(* The operators D, i(alpha) and the Euler operator E = sum_c xi_c d/dxi_c are vector fields with
   polynomial coefficients on phase space. The commutator of two such vector fields is again one,
   with coefficients obtained by applying each field to the coefficients of the other (the second
   derivatives cancel by symmetry). Computing coefficients gives
     [i(alpha), D] = - xi_t i(alpha) - E/2,   [E, D] = D,   [E, i(alpha)] = - i(alpha). The first relation then yields the
   case l = 1, i(alpha) X_m - X_(m-1) i(alpha) = r(1,m) on functions with E S = m S, and both
   identities follow by induction on l from r(l+1,k) = r(1,k+l) + r(l,k) = r(1,k) + r(l,k+1). *)

theory Submission
  imports Defs
begin

section \<open>Directional derivatives\<close>

definition differentiable_along :: "'a::real_normed_vector \<Rightarrow> ('a \<Rightarrow> real) \<Rightarrow> 'a \<Rightarrow> bool" where
  "differentiable_along v f z \<longleftrightarrow> (\<lambda>s. f (z + s *\<^sub>R v)) differentiable (at 0)"

lemma has_pd:
  "differentiable_along v f z \<Longrightarrow> ((\<lambda>s. f (z + s *\<^sub>R v)) has_real_derivative pd v f z) (at 0)"
  unfolding pd_def differentiable_along_def using DERIV_deriv_iff_real_differentiable by blast

lemma pd_eqI: "((\<lambda>s. f (z + s *\<^sub>R v)) has_real_derivative D) (at 0) \<Longrightarrow> pd v f z = D"
  unfolding pd_def by (rule DERIV_imp_deriv)

lemma differentiable_alongI:
  "((\<lambda>s. f (z + s *\<^sub>R v)) has_real_derivative D) (at 0) \<Longrightarrow> differentiable_along v f z"
  unfolding differentiable_along_def using real_differentiable_def by blast

lemma has_pd_along_line:
  assumes "\<And>y. differentiable_along v f y"
  shows "((\<lambda>s. f (z + s *\<^sub>R v)) has_real_derivative pd v f (z + \<sigma> *\<^sub>R v)) (at \<sigma>)"
proof -
  have "((\<lambda>h. f ((z + \<sigma> *\<^sub>R v) + h *\<^sub>R v)) has_real_derivative pd v f (z + \<sigma> *\<^sub>R v)) (at 0)"
    using has_pd[OF assms] .
  moreover have "(\<lambda>h. f ((z + \<sigma> *\<^sub>R v) + h *\<^sub>R v)) = (\<lambda>h. f (z + (h + \<sigma>) *\<^sub>R v))"
    by (simp add: algebra_simps)
  ultimately show ?thesis
    using DERIV_shift[of "\<lambda>s. f (z + s *\<^sub>R v)" _ 0 \<sigma>] by simp
qed

lemma pd_has_derivative: "(f has_derivative D) (at z) \<Longrightarrow> pd v f z = D v"
proof (rule pd_eqI)
  assume "(f has_derivative D) (at z)"
  moreover have "((\<lambda>s::real. z + s *\<^sub>R v) has_derivative (\<lambda>s. s *\<^sub>R v)) (at 0)"
    by (auto intro!: derivative_eq_intros)
  ultimately have "((\<lambda>s. f (z + s *\<^sub>R v)) has_derivative (\<lambda>s. D (s *\<^sub>R v))) (at 0)"
    using has_derivative_compose[of "\<lambda>s. z + s *\<^sub>R v"] by fastforce
  moreover have "(\<lambda>s. D (s *\<^sub>R v)) = (*) (D v)"
    using \<open>(f has_derivative D) (at z)\<close> has_derivative_linear linear_scale by fastforce
  ultimately show "((\<lambda>s. f (z + s *\<^sub>R v)) has_real_derivative D v) (at 0)"
    unfolding has_field_derivative_def by simp
qed

lemma differentiable_along_const [simp]: "differentiable_along v (\<lambda>z. c) z"
  unfolding differentiable_along_def by simp
(* Let $B\in\mathbb{C}^{n\times n}$ be nonzero of rank $r$ with Hartwig–Spindelböck decomposition $B=U\begin{bmatrix}\Sigma K&\Sigma L\\0&0\end{bmatrix}U^*$. Then $B$ is bi-dagger, i.e. $(B^2)^\dagger=(B^\dagger)^2$, if and only if $(\Sigma K\Sigma)^\dagger=\Sigma^{-1}K^*\Sigma^{-1}$.
   Context: $M^*$ is the conjugate transpose, $M^\dagger$ the Moore–Penrose inverse. Hartwig–Spindelböck decomposition: every $B\in\mathbb{C}^{n\times n}$ of rank $r>0$ can be written $B=U\begin{bmatrix}\Sigma K&\Sigma L\\0&0\end{bmatrix}U^*$ with $U$ unitary, $\Sigma\in\mathbb{C}^{r\times r}$ the positive diagonal matrix of nonzero singular values of $B$, $K\in\mathbb{C}^{r\times r}$, $L\in\mathbb{C}^{r\times(n-r)}$ with $KK^*+LL^*=I_r$. *)

theory Defs
  imports "Jordan_Normal_Form.Schur_Decomposition" "Jordan_Normal_Form.DL_Rank"
begin

definition unitary_mat :: "nat \<Rightarrow> complex mat \<Rightarrow> bool" where
  "unitary_mat n U \<longleftrightarrow> U \<in> carrier_mat n n \<and> U * mat_adjoint U = 1\<^sub>m n \<and> mat_adjoint U * U = 1\<^sub>m n"

definition is_MP_inverse :: "complex mat \<Rightarrow> complex mat \<Rightarrow> bool" where
  "is_MP_inverse A X \<longleftrightarrow> X \<in> carrier_mat (dim_col A) (dim_row A) \<and>
     A * X * A = A \<and> X * A * X = X \<and>
     mat_adjoint (A * X) = A * X \<and> mat_adjoint (X * A) = X * A"

text \<open>Moore--Penrose inverse (exists and is unique).\<close>
definition MP_inverse :: "complex mat \<Rightarrow> complex mat" where
  "MP_inverse A = (THE X. is_MP_inverse A X)"

end

theory Submission
  imports Defs
begin

(*
  The Hartwig-Spindelboeck form factors B as P \<Sigma> Q, where P = U [I; 0] has orthonormal
  columns, Q = [K L] U\<^sup>* has orthonormal rows (as K K\<^sup>* + L L\<^sup>* = I) and Q P = K.
  Such outer factors commute with the Moore-Penrose inverse, (P M Q)\<^sup>\<dagger> = Q\<^sup>* M\<^sup>\<dagger> P\<^sup>*.
  Hence B\<^sup>\<dagger> = Q\<^sup>* \<Sigma>\<^sup>-\<^sup>1 P\<^sup>*, (B\<^sup>2)\<^sup>\<dagger> = (P (\<Sigma> K \<Sigma>) Q)\<^sup>\<dagger> = Q\<^sup>* (\<Sigma> K \<Sigma>)\<^sup>\<dagger> P\<^sup>* and
  (B\<^sup>\<dagger>)\<^sup>2 = Q\<^sup>* \<Sigma>\<^sup>-\<^sup>1 K\<^sup>* \<Sigma>\<^sup>-\<^sup>1 P\<^sup>*, and the outer factors cancel.

  That the Moore-Penrose inverse exists is proved along the way: it is assembled from
  least-squares inverses (A C A = A with A C Hermitian) of A and A\<^sup>*, and a least-squares
  inverse is built column by column, enlarging the orthogonal projector A C onto the span
  of the first k columns of A by the rank-one term w w\<^sup>* / (w\<^sup>* w), where w is the
  component of the next column orthogonal to that span.
*)

lemma mat_adjoint_altdef:
  "mat_adjoint (A :: complex mat) = mat (dim_col A) (dim_row A) (\<lambda>(i, j). cnj (A $$ (j, i)))"
  unfolding mat_adjoint_def mat_of_rows_def by (rule eq_matI) auto

lemma dim_mat_adjoint [simp]:
  "dim_row (mat_adjoint (A :: complex mat)) = dim_col A"
  "dim_col (mat_adjoint A) = dim_row A"
  by (auto simp: mat_adjoint_altdef)

lemma index_mat_adjoint [simp]:
  "i < dim_col A \<Longrightarrow> j < dim_row A \<Longrightarrow> mat_adjoint (A :: complex mat) $$ (i, j) = cnj (A $$ (j, i))"
  by (simp add: mat_adjoint_altdef)

lemma mat_adjoint_carrier [simp]: "(A :: complex mat) \<in> carrier_mat m n \<Longrightarrow> mat_adjoint A \<in> carrier_mat n m"
  by (metis carrier_matD carrier_matI dim_mat_adjoint)

lemma mat_adjoint_adjoint [simp]: "mat_adjoint (mat_adjoint (A :: complex mat)) = A"
  by (rule eq_matI) simp_all

lemma mat_adjoint_one [simp]: "mat_adjoint (1\<^sub>m n :: complex mat) = 1\<^sub>m n"
  by (rule eq_matI) simp_all

lemma mat_adjoint_zero [simp]: "mat_adjoint (0\<^sub>m m n :: complex mat) = 0\<^sub>m n m"
  by (rule eq_matI) simp_all

lemma mat_adjoint_add:
  "A \<in> carrier_mat m n \<Longrightarrow> B \<in> carrier_mat m n \<Longrightarrow>
    mat_adjoint (A + B :: complex mat) = mat_adjoint A + mat_adjoint B"
  by (rule eq_matI) auto

lemma mat_adjoint_smult: "mat_adjoint (c \<cdot>\<^sub>m (A :: complex mat)) = cnj c \<cdot>\<^sub>m mat_adjoint A"
  by (rule eq_matI) simp_all

lemma mat_adjoint_mult:
  assumes "dim_col A = dim_row B"
  shows "mat_adjoint ((A :: complex mat) * B) = mat_adjoint B * mat_adjoint A"
proof (rule eq_matI)
  fix i j assume "i < dim_row (mat_adjoint B * mat_adjoint A)" and "j < dim_col (mat_adjoint B * mat_adjoint A)"
  then have i: "i < dim_col B" and j: "j < dim_row A" by simp_all
  have "mat_adjoint (A * B) $$ (i, j) = cnj (\<Sum>k<dim_col A. A $$ (j, k) * B $$ (k, i))"
    using assms i j by (simp add: scalar_prod_def lessThan_atLeast0)
  also have "\<dots> = (\<Sum>k<dim_col A. cnj (B $$ (k, i)) * cnj (A $$ (j, k)))"
    by (simp add: mult.commute)
  also have "\<dots> = (mat_adjoint B * mat_adjoint A) $$ (i, j)"
    using assms i j by (simp add: scalar_prod_def lessThan_atLeast0)
  finally show "mat_adjoint (A * B) $$ (i, j) = (mat_adjoint B * mat_adjoint A) $$ (i, j)" .
qed simp_all

lemma mat_adjoint_four_block_mat:
  assumes "(A :: complex mat) \<in> carrier_mat m1 n1" "B \<in> carrier_mat m1 n2"
    "C \<in> carrier_mat m2 n1" "D \<in> carrier_mat m2 n2"
  shows "mat_adjoint (four_block_mat A B C D) =
    four_block_mat (mat_adjoint A) (mat_adjoint C) (mat_adjoint B) (mat_adjoint D)"
  using assms by (intro eq_matI) auto
lemma backward_term_le:
  assumes "0 \<le> m" "0 \<le> s" "m + s \<le> t"
    and Ci_m: "Ci m \<le> ereal g"
    and Rbw: "\<And>x. 0 \<le> x \<Longrightarrow> Rbw x \<le> ereal (- k) + conv (conv Ci S) ee x"
    and bw: "S s + Ub (t - m - s) \<le> Q (t - m)"
  shows "conv Rbw Ub t \<le> ereal (- k) + (ereal g + Q (t - m))"
proof -
  have ms: "0 \<le> m + s" using assms(1,2) by simp
  have "conv Rbw Ub t \<le> Rbw (m + s) + Ub (t - m - s)"
    using conv_le[OF ms assms(3), of Rbw Ub] by (simp add: diff_diff_eq)
  also have "\<dots> \<le> ereal (- k) + (Ci m + S s + ee 0) + Ub (t - m - s)"
    using entry_split_le[of Rbw "m + s" k Ci S ee m s, OF Rbw[OF ms] assms(1,2)]
    by (intro add_right_mono) simp
  also have "\<dots> \<le> ereal (- k) + (ereal g + S s) + Ub (t - m - s)"
    using Ci_m by (intro add_right_mono add_left_mono) (simp add: ee_def add_right_mono)
  also have "\<dots> = ereal (- k) + (ereal g + (S s + Ub (t - m - s)))" by (simp only: ac_simps)
  also have "\<dots> \<le> ereal (- k) + (ereal g + Q (t - m))" using bw by (intro add_left_mono)
  finally show ?thesis .
qed

text \<open>For t > 0 the witness of closure_bound at the delayed time \<open>t - \<delta>\<close>
  selects the required term of the product; at t = 0 the bound \<open>-k + g \<le> 0\<close> suffices.\<close>

lemma row_service:
  fixes Rfw Rbw Ci S Bf Q Yi Uf Ub :: signal
  assumes "0 \<le> \<delta>" "0 \<le> d" "g \<le> k"
    and Ci_le: "\<And>x. 0 \<le> x \<Longrightarrow> x \<le> \<delta> \<Longrightarrow> Ci x \<le> ereal g"
    and S0: "S 0 \<le> 0"
    and Bf_le: "\<And>x. 0 \<le> x \<Longrightarrow> x \<le> d \<Longrightarrow> Bf x \<le> ereal n"
    and Rfw: "\<And>x. 0 \<le> x \<Longrightarrow> Rfw x \<le> ereal (- k) + conv (conv Ci S) Bf x"
    and Rbw: "\<And>x. 0 \<le> x \<Longrightarrow> Rbw x \<le> ereal (- k) + conv (conv Ci S) ee x"
    and Ub0: "Ub 0 = 0"
    and Yi: "\<And>t. 0 < t \<Longrightarrow> ereal g + Q (t - min t \<delta>) \<le> Yi t"
    and cover: "\<And>t. 0 \<le> t \<Longrightarrow> closure_bound S d n Uf Ub Q t"
    and t: "0 \<le> t"
  shows "min (conv Rfw Uf t) (conv Rbw Ub t) \<le> max (Yi t - ereal k) 0"
proof (cases "t = 0")
  case True
  have "conv Rbw Ub t \<le> Rbw 0 + Ub 0" using conv_le[of 0 t Rbw Ub] True by simp
  also have "\<dots> \<le> ereal (- k) + (Ci 0 + S 0 + ee 0)"
    using entry_split_le[of Rbw 0 k Ci S ee 0 0, OF Rbw] Ub0 by simp
  also have "\<dots> \<le> ereal (- k) + ereal g"
    using add_mono[OF Ci_le[of 0] S0] assms(1) by (intro add_left_mono) (simp add: ee_def)
  also have "\<dots> \<le> max (Yi t - ereal k) 0" using assms(3) by (simp add: max.coboundedI2)
  finally show ?thesis by (rule min.coboundedI2)
next
  case False
  define m where "m = min t \<delta>"
  have m: "0 \<le> m" "m \<le> t" "Ci m \<le> ereal g" using t assms(1) Ci_le[of m] by (auto simp: m_def)
  have Q_serv: "ereal (- k) + (ereal g + Q (t - m)) \<le> max (Yi t - ereal k) 0"
    using Yi[of t] t False by (simp add: ereal_neg_add ereal_minus_mono m_def max.coboundedI1)
  obtain s where s: "0 \<le> s" "m + s \<le> t" and
    wit: "ereal n + S s + Uf (max (t - m - s - d) 0) \<le> Q (t - m) \<or> S s + Ub (t - m - s) \<le> Q (t - m)"
    using cover[of "t - m"] m(2) unfolding closure_bound_def by auto
  from wit show ?thesis
    using forward_term_le[OF m(1) s assms(2) m(3) Bf_le Rfw]
      backward_term_le[OF m(1) s m(3) Rbw] Q_serv
    by (meson min.coboundedI1 min.coboundedI2 order_trans)
qed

########

▶ **Your assignment**
Gather each line of the listing that holds the string "columns".

▶ **The answer**
  columns, Q = [K L] U\<^sup>* has orthonormal rows (as K K\<^sup>* + L L\<^sup>* = I) and Q P = K.
  of the first k columns of A by the rank-one term w w\<^sup>* / (w\<^sup>* w), where w is the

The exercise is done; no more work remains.